Data to use:
definition Sop :: "nat \<Rightarrow> nat \<Rightarrow> (diag \<Rightarrow> 'm \<Rightarrow> 'm::ab_group_add) \<Rightarrow> nat \<Rightarrow> 'm \<Rightarrow> 'm" where
  "Sop r t \<rho> k v = (\<Sum>a\<in>Seq r t. if a ! (k - 1) = a ! k then \<rho> (sdiag k a) v else 0)"
definition Shop :: "nat \<Rightarrow> nat \<Rightarrow> (diag \<Rightarrow> 'm \<Rightarrow> 'm::ab_group_add) \<Rightarrow> nat \<Rightarrow> 'm \<Rightarrow> 'm" where
  "Shop r t \<rho> k v = (\<Sum>a\<in>Seq r t. if a ! (k - 1) \<noteq> a ! k then \<rho> (shdiag k a) v else 0)"
definition Eop :: "nat \<Rightarrow> nat \<Rightarrow> (diag \<Rightarrow> 'm \<Rightarrow> 'm::ab_group_add) \<Rightarrow> nat \<Rightarrow> 'm \<Rightarrow> 'm" where
  "Eop r t \<rho> k v = (\<Sum>a\<in>Seq r t. if a ! (k - 1) \<noteq> a ! k then \<rho> (ediag k a) v else 0)"
definition Ehop :: "nat \<Rightarrow> nat \<Rightarrow> (diag \<Rightarrow> 'm \<Rightarrow> 'm::ab_group_add) \<Rightarrow> nat \<Rightarrow> 'm \<Rightarrow> 'm" where
  "Ehop r t \<rho> k v = (\<Sum>a\<in>Seq r t. if a ! (k - 1) \<noteq> a ! k then \<rho> (ehdiag k a) v else 0)"

definition commute_ops :: "('m \<Rightarrow> 'm) \<Rightarrow> ('m \<Rightarrow> 'm) \<Rightarrow> bool" where
  "commute_ops f g \<longleftrightarrow> (\<forall>v. f (g v) = g (f v))"

(* A finite-dimensional left VBr_{r,t}(\<omega>)-module: a finite-dimensional complex vector space
   ('m, scale) with an action \<rho> of the basis diagrams of Br_{r,t}(\<omega> 0) (i.e. an algebra map
   Br_{r,t}(\<omega> 0) \<rightarrow> End M, unital), commuting operators y 1, ..., y (r+t) (a C[y]-module),
   subject to the defining relations of VBr_{r,t}(\<omega>). *)
definition vbr_module ::
  "nat \<Rightarrow> nat \<Rightarrow> (nat \<Rightarrow> complex) \<Rightarrow> (complex \<Rightarrow> 'm::ab_group_add \<Rightarrow> 'm)
     \<Rightarrow> (diag \<Rightarrow> 'm \<Rightarrow> 'm) \<Rightarrow> (nat \<Rightarrow> 'm \<Rightarrow> 'm) \<Rightarrow> bool" where
  "vbr_module r t \<omega> scale \<rho> y \<longleftrightarrow>
     (let n = r + t; J = {1..<r + t};
          P = Pa \<rho>; S = Sop r t \<rho>; Sh = Shop r t \<rho>; E = Eop r t \<rho>; Eh = Ehop r t \<rho> in
     vector_space scale \<and>
     (\<exists>B. finite B \<and> module.span scale B = UNIV) \<and>
     \<comment> \<open>Br-module structure\<close>
     (\<forall>d. is_diag r t d \<longrightarrow> Vector_Spaces.linear scale scale (\<rho> d)) \<and>
     (\<forall>d1 d2. is_diag r t d1 \<and> is_diag r t d2 \<longrightarrow>
        (\<forall>v. \<rho> d1 (\<rho> d2 v) =
              (if dbot d1 = dtop d2 then scale ((\<omega> 0) ^ nloops d1 d2) (\<rho> (dcomp d1 d2) v) else 0))) \<and>
     (\<forall>v. (\<Sum>a\<in>Seq r t. P a v) = v) \<and>
     \<comment> \<open>C[y_1,...,y_n]-module structure\<close>
     (\<forall>i\<in>{1..n}. Vector_Spaces.linear scale scale (y i)) \<and>
     (\<forall>i\<in>{1..n}. \<forall>j\<in>{1..n}. commute_ops (y i) (y j)) \<and>
     \<comment> \<open>relations\<close>
     (\<forall>i\<in>{1..n}. \<forall>a\<in>Seq r t. commute_ops (y i) (P a)) \<and>
     (\<forall>i\<in>{1..n}. \<forall>k\<in>J. i \<noteq> k \<and> i \<noteq> k + 1 \<longrightarrow>
        commute_ops (y i) (S k) \<and> commute_ops (y i) (Sh k) \<and>
        commute_ops (y i) (E k) \<and> commute_ops (y i) (Eh k)) \<and>
     (\<forall>j. \<forall>a\<in>Seq r t. 2 \<le> n \<and> a ! 0 \<and> \<not> a ! 1 \<longrightarrow>
        (\<forall>v. E 1 ((y 1 ^^ j) (E 1 (P a v))) = scale (\<omega> j) (E 1 (P a v)))) \<and>
     (\<forall>k\<in>J. \<forall>a\<in>Seq r t. a ! (k - 1) = a ! k \<longrightarrow>
        (\<forall>v. S k (y k (P a v)) - y (k + 1) (S k (P a v)) = - P a v \<and>
             S k (y (k + 1) (P a v)) - y k (S k (P a v)) = P a v)) \<and>
     (\<forall>k\<in>J. \<forall>v. Sh k (y k v) - y (k + 1) (Sh k v) = Eh k v \<and>
                 Sh k (y (k + 1) v) - y k (Sh k v) = - Eh k v) \<and>
     (\<forall>k\<in>J. \<forall>v. E k (y k v + y (k + 1) v) = 0 \<and> y k (E k v) + y (k + 1) (E k v) = 0 \<and>
                 Eh k (y k v + y (k + 1) v) = 0 \<and> y k (Eh k v) + y (k + 1) (Eh k v) = 0))"

(* 1_a M_i  (i is a list of length r+t, entry k is i ! (k - 1)) *)
definition genspace ::
  "nat \<Rightarrow> (complex \<Rightarrow> 'm::ab_group_add \<Rightarrow> 'm) \<Rightarrow> (diag \<Rightarrow> 'm \<Rightarrow> 'm) \<Rightarrow> (nat \<Rightarrow> 'm \<Rightarrow> 'm)
     \<Rightarrow> bool list \<Rightarrow> complex list \<Rightarrow> 'm set" where
  "genspace n scale \<rho> y a i =
     {v. v \<in> range (Pa \<rho> a) \<and>
         (\<exists>N. \<forall>k\<in>{1..n}. ((\<lambda>x. y k x - scale (i ! (k - 1)) x) ^^ N) v = 0)}"

end

theory Submission
  imports Defs
begin

(* On 1_a M the operator s_k 1_a vanishes unless a_k = a_(k+1), and then, together with y_k and
   y_(k+1), it satisfies the degenerate affine Hecke relations y_k s = s y_(k+1) - 1 and
   y_(k+1) s = s y_k + 1.  If i_k = i_(k+1), these relations show that s raises the nilpotency
   degrees of y_k - i_k and y_(k+1) - i_(k+1) only additively, so s preserves 1_a M_i.
   If i_k /= i_(k+1), then y_k - y_(k+1) is invertible on 1_a M_i, so v = (y_k - y_(k+1)) w with
   w in 1_a M_i and s v = phi w - w, where the intertwiner phi = s (y_k - y_(k+1)) + 1 exchanges
   y_k and y_(k+1) and hence maps 1_a M_i into 1_a M_(s_k i). *)

lemma additive_funpow:
  fixes f :: "'a::ab_group_add \<Rightarrow> 'a"
  shows "additive f \<Longrightarrow> additive (f ^^ n)"
  unfolding additive_def by (induction n) auto

lemma additive_diff_fun:
  fixes f g :: "'a::ab_group_add \<Rightarrow> 'b::ab_group_add"
  shows "additive f \<Longrightarrow> additive g \<Longrightarrow> additive (\<lambda>x. f x - g x)"
  by (simp add: additive_def)

lemma module_hom_additive: "module_hom s1 s2 f \<Longrightarrow> additive f"
  by (simp add: additive_def module_hom.add)

lemma (in module) module_hom_funpow: "module_hom scale scale f \<Longrightarrow> module_hom scale scale (f ^^ n)"
  by (induction n) (simp_all add: module_hom_id module_hom_compose)

lemma funpow_eq_0_mono:
  fixes f :: "'a::ab_group_add \<Rightarrow> 'a"
  assumes f: "additive f" and "(f ^^ p) v = 0" and "p \<le> q"
  shows "(f ^^ q) v = 0"
proof -
  have "(f ^^ q) v = (f ^^ (q - p)) ((f ^^ p) v)"
    using \<open>p \<le> q\<close> by (metis funpow_add le_add_diff_inverse2 comp_apply)
  then show ?thesis
    using \<open>(f ^^ p) v = 0\<close> additive.zero[OF additive_funpow[OF f]] by simp
qed
lemma abs_sub_grid_le:
  assumes "h > 0"
  shows "\<bar>(x - grid h x)$i\<bar> \<le> h"
proof -
  have "h * of_int \<lfloor>x$i / h\<rfloor> \<le> x$i"
    using mult_left_mono[OF of_int_floor_le[of "x$i / h"], of h] assms by simp
  moreover have "x$i < h * of_int \<lfloor>x$i / h\<rfloor> + h"
    using mult_strict_left_mono[OF real_of_int_floor_add_one_gt[of "x$i / h"] assms] assms
    by (simp add: distrib_left)
  ultimately show ?thesis by (simp add: grid_def)
qed

lemma
  fixes K :: "(real^'d::finite) set"
  assumes h: "0 < h" "h \<le> 1" and "0 \<le> R" and K: "\<And>x i. x \<in> K \<Longrightarrow> \<bar>x$i\<bar> \<le> R"
  shows finite_grid_image: "finite (grid h ` K)"
    and card_grid_image_le: "real (card (grid h ` K)) \<le> (2 * R + 3) ^ CARD('d) / h ^ CARD('d)"
proof -
  define N where "N = \<lceil>R / h\<rceil>"
  define P where "P = (\<Pi>\<^sub>E i\<in>(UNIV::'d set). {-N..N})"
  have "grid h x \<in> (\<lambda>k. \<chi> i. h * of_int (k i)) ` P" if "x \<in> K" for x
  proof -
    have "\<lfloor>x$i / h\<rfloor> \<in> {-N..N}" for i
    proof -
      have "-R / h \<le> x$i / h" "x$i / h \<le> R / h"
        using K[OF that, of i] h by (auto simp: abs_le_iff field_simps)
      then have "\<lfloor>-R / h\<rfloor> \<le> \<lfloor>x$i / h\<rfloor>" "\<lfloor>x$i / h\<rfloor> \<le> \<lfloor>R / h\<rfloor>"
        by (auto intro: floor_mono)
      moreover have "\<lfloor>R / h\<rfloor> \<le> N"
        unfolding N_def by (rule floor_le_ceiling)
      moreover have "\<lfloor>-R / h\<rfloor> = -N"
        unfolding N_def by (simp add: floor_minus)
      ultimately show ?thesis by auto
    qed
    then have "(\<lambda>i. \<lfloor>x$i / h\<rfloor>) \<in> P"
      unfolding P_def by (auto simp: PiE_UNIV_domain)
    then show ?thesis
      unfolding grid_def by (rule rev_image_eqI) simp
  qed
  then have sub: "grid h ` K \<subseteq> (\<lambda>k. \<chi> i. h * of_int (k i)) ` P"
    by blast
  have finP: "finite P" unfolding P_def by (rule finite_PiE) auto
  show "finite (grid h ` K)" using sub finP finite_subset by blast
  have "card (grid h ` K) \<le> card P"
    using sub finP by (meson card_image_le card_mono finite_imageI le_trans)
  also have "card P = nat (2 * N + 1) ^ CARD('d)"
    unfolding P_def by (simp add: card_PiE)
  finally have "real (card (grid h ` K)) \<le> real (nat (2 * N + 1)) ^ CARD('d)"
    by (metis of_nat_le_iff of_nat_power)
  also have "\<dots> \<le> ((2 * R + 3) / h) ^ CARD('d)"
  proof (rule power_mono)
    have "0 \<le> R / h"
      using \<open>0 \<le> R\<close> h by simp
    then have "0 \<le> N" "real_of_int N \<le> R / h + 1"
      unfolding N_def by linarith+
    moreover have "2 * (R / h) + 3 \<le> (2 * R + 3) / h"
      using h by (simp add: field_simps)
    ultimately show "real (nat (2 * N + 1)) \<le> (2 * R + 3) / h"
      by simp
  qed simp
  finally show "real (card (grid h ` K)) \<le> (2 * R + 3) ^ CARD('d) / h ^ CARD('d)"
    by (simp add: power_divide)
qed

What the task requires: Using the records above, restate word for word the lines from the one with "nat \<Rightarrow> (nat" through the one with "commute_ops (y i) (E k)", both included.

Problem solution:
  "nat \<Rightarrow> nat \<Rightarrow> (nat \<Rightarrow> complex) \<Rightarrow> (complex \<Rightarrow> 'm::ab_group_add \<Rightarrow> 'm)
     \<Rightarrow> (diag \<Rightarrow> 'm \<Rightarrow> 'm) \<Rightarrow> (nat \<Rightarrow> 'm \<Rightarrow> 'm) \<Rightarrow> bool" where
  "vbr_module r t \<omega> scale \<rho> y \<longleftrightarrow>
     (let n = r + t; J = {1..<r + t};
          P = Pa \<rho>; S = Sop r t \<rho>; Sh = Shop r t \<rho>; E = Eop r t \<rho>; Eh = Ehop r t \<rho> in
     vector_space scale \<and>
     (\<exists>B. finite B \<and> module.span scale B = UNIV) \<and>
     \<comment> \<open>Br-module structure\<close>
     (\<forall>d. is_diag r t d \<longrightarrow> Vector_Spaces.linear scale scale (\<rho> d)) \<and>
     (\<forall>d1 d2. is_diag r t d1 \<and> is_diag r t d2 \<longrightarrow>
        (\<forall>v. \<rho> d1 (\<rho> d2 v) =
              (if dbot d1 = dtop d2 then scale ((\<omega> 0) ^ nloops d1 d2) (\<rho> (dcomp d1 d2) v) else 0))) \<and>
     (\<forall>v. (\<Sum>a\<in>Seq r t. P a v) = v) \<and>
     \<comment> \<open>C[y_1,...,y_n]-module structure\<close>
     (\<forall>i\<in>{1..n}. Vector_Spaces.linear scale scale (y i)) \<and>
     (\<forall>i\<in>{1..n}. \<forall>j\<in>{1..n}. commute_ops (y i) (y j)) \<and>
     \<comment> \<open>relations\<close>
     (\<forall>i\<in>{1..n}. \<forall>a\<in>Seq r t. commute_ops (y i) (P a)) \<and>
     (\<forall>i\<in>{1..n}. \<forall>k\<in>J. i \<noteq> k \<and> i \<noteq> k + 1 \<longrightarrow>
        commute_ops (y i) (S k) \<and> commute_ops (y i) (Sh k) \<and>
        commute_ops (y i) (E k) \<and> commute_ops (y i) (Eh k)) \<and>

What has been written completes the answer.